Data provided
lemma Well_order_level_order:
  assumes linear: "\<And>G H. G \<in> T \<Longrightarrow> H \<in> T \<Longrightarrow> G \<subseteq> H \<or> H \<subseteq> G"
    and least: "\<And>Y. Y \<subseteq> T \<Longrightarrow> Y \<noteq> {} \<Longrightarrow> \<exists>H\<in>Y. \<forall>Z\<in>Y. H \<subseteq> Z"
  shows "Well_order (level_order T)"
  unfolding well_order_on_def linear_order_on_def partial_order_on_def preorder_on_def Field_level_order
proof (intro conjI wf_level_order[OF least])
  show "level_order T \<subseteq> levels T \<times> levels T" unfolding level_order_def by blast
  show "refl_on (levels T) (level_order T)"
    unfolding refl_on_def level_order_def using level_le_refl by auto
  show "trans (level_order T)"
    unfolding trans_def level_order_def using level_le_trans by blast
  show "antisym (level_order T)"
    unfolding antisym_def level_order_def using level_le_antisym by blast
  have "level_le x y \<or> level_le y x" if "x \<in> levels T" "y \<in> levels T" for x y
  proof (cases "x = None \<or> y = None")
    case True
    then show ?thesis by (cases x; cases y) auto
  next
    case False
    with that obtain G n H m where "x = Some (G, n)" "y = Some (H, m)" "G \<in> T" "H \<in> T"
      unfolding levels_def by auto
    with linear[of G H] show ?thesis by (simp only: level_le.simps) (metis le_cases psubsetI)
  qed
  then show "total_on (levels T) (level_order T)"
    unfolding total_on_def level_order_def by blast
qed

locale level_code =
  fixes T :: "'a set set" and f :: "('a set \<times> nat) option \<Rightarrow> nat"
  assumes inj: "inj_on f (levels T)"
begin

definition code_order :: "nat rel" where
  "code_order = dir_image (level_order T) f"

lemma Field_code_order: "Field code_order = f ` levels T"
  unfolding code_order_def dir_image_Field Field_level_order ..

lemma code_order_iff:
  assumes "x \<in> levels T" "y \<in> levels T"
  shows "(f x, f y) \<in> code_order \<longleftrightarrow> level_le x y"
proof
  assume "(f x, f y) \<in> code_order"
  then obtain x' y' where "f x = f x'" "f y = f y'" "(x', y') \<in> level_order T"
    unfolding code_order_def dir_image_def by blast
  with assms inj show "level_le x y" unfolding level_order_def inj_on_def by auto
next
  assume "level_le x y"
  with assms show "(f x, f y) \<in> code_order"
    unfolding code_order_def dir_image_def level_order_def by blast
qed

lemma strict_below_code_iff:
  assumes "x \<in> levels T" "y \<in> levels T"
  shows "strict_below code_order (f x) (f y) \<longleftrightarrow> level_le x y \<and> x \<noteq> y"
  using code_order_iff[OF assms] inj assms unfolding strict_below_def inj_on_def by metis

lemma code_orderE:
  assumes "(a, b) \<in> code_order"
  obtains x y where "x \<in> levels T" "y \<in> levels T" "a = f x" "b = f y"
  using assms unfolding code_order_def dir_image_def level_order_def by blast

lemma strict_below_codeE:
  assumes "strict_below code_order a (f y)" "y \<in> levels T"
  obtains x where "x \<in> levels T" "a = f x" "level_le x y" "x \<noteq> y"
proof -
  from assms(1) obtain x y' where "x \<in> levels T" "y' \<in> levels T" "a = f x" "f y = f y'"
    unfolding strict_below_def by (auto elim: code_orderE)
  with assms strict_below_code_iff that show thesis by (metis inj inj_onD)
qed

lemma countable_ordinal_code_code_order:
  assumes "Well_order (level_order T)"
  shows "countable_ordinal_code code_order (f None)"
  unfolding countable_ordinal_code_def
proof (intro conjI ballI)
  show "Well_order code_order"
    unfolding code_order_def by (rule Well_order_dir_image[OF assms]) (simp add: Field_level_order inj)
  show "f None \<in> Field code_order" unfolding Field_code_order by simp
  show "(a, f None) \<in> code_order" if "a \<in> Field code_order" for a
    using that code_order_iff unfolding Field_code_order by auto
qed

lemma limit_or_zero_code:
  assumes y: "y \<in> levels T"
    and no_pred: "\<And>H m. H \<in> T \<Longrightarrow> level_le (Some (H, m)) y \<Longrightarrow> Some (H, m) \<noteq> y
      \<Longrightarrow> level_le (Some (H, Suc m)) y \<and> Some (H, Suc m) \<noteq> y"
  shows "limit_or_zero code_order (f y)"
proof -
  have "\<exists>e. strict_below code_order g e \<and> strict_below code_order e (f y)"
    if g: "strict_below code_order g (f y)" for g
  proof -
    from strict_below_codeE[OF g y] obtain x where x: "x \<in> levels T" "g = f x" "level_le x y" "x \<noteq> y" .
    then obtain H m where H: "x = Some (H, m)" "H \<in> T" by (cases x) (auto elim: level_le.elims)
    have "strict_below code_order g (f (Some (H, Suc m)))"
      using x H strict_below_code_iff by simp
    moreover have "strict_below code_order (f (Some (H, Suc m))) (f y)"
      using no_pred[OF H(2)] x H y strict_below_code_iff by simp
    ultimately show ?thesis by blast
  qed
  moreover have "f y \<in> Field code_order" using y by (simp add: Field_code_order)
  ultimately show ?thesis unfolding limit_or_zero_def by blast
qed

lemma limit_or_zero_code_None: "limit_or_zero code_order (f None)"
  by (rule limit_or_zero_code) simp_all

Assignment
The task calls for all lines in the entries that hold "lemma".

Written answer
lemma Well_order_level_order:
lemma Field_code_order: "Field code_order = f ` levels T"
lemma code_order_iff:
lemma strict_below_code_iff:
lemma code_orderE:
lemma strict_below_codeE:
lemma countable_ordinal_code_code_order:
lemma limit_or_zero_code:
lemma limit_or_zero_code_None: "limit_or_zero code_order (f None)"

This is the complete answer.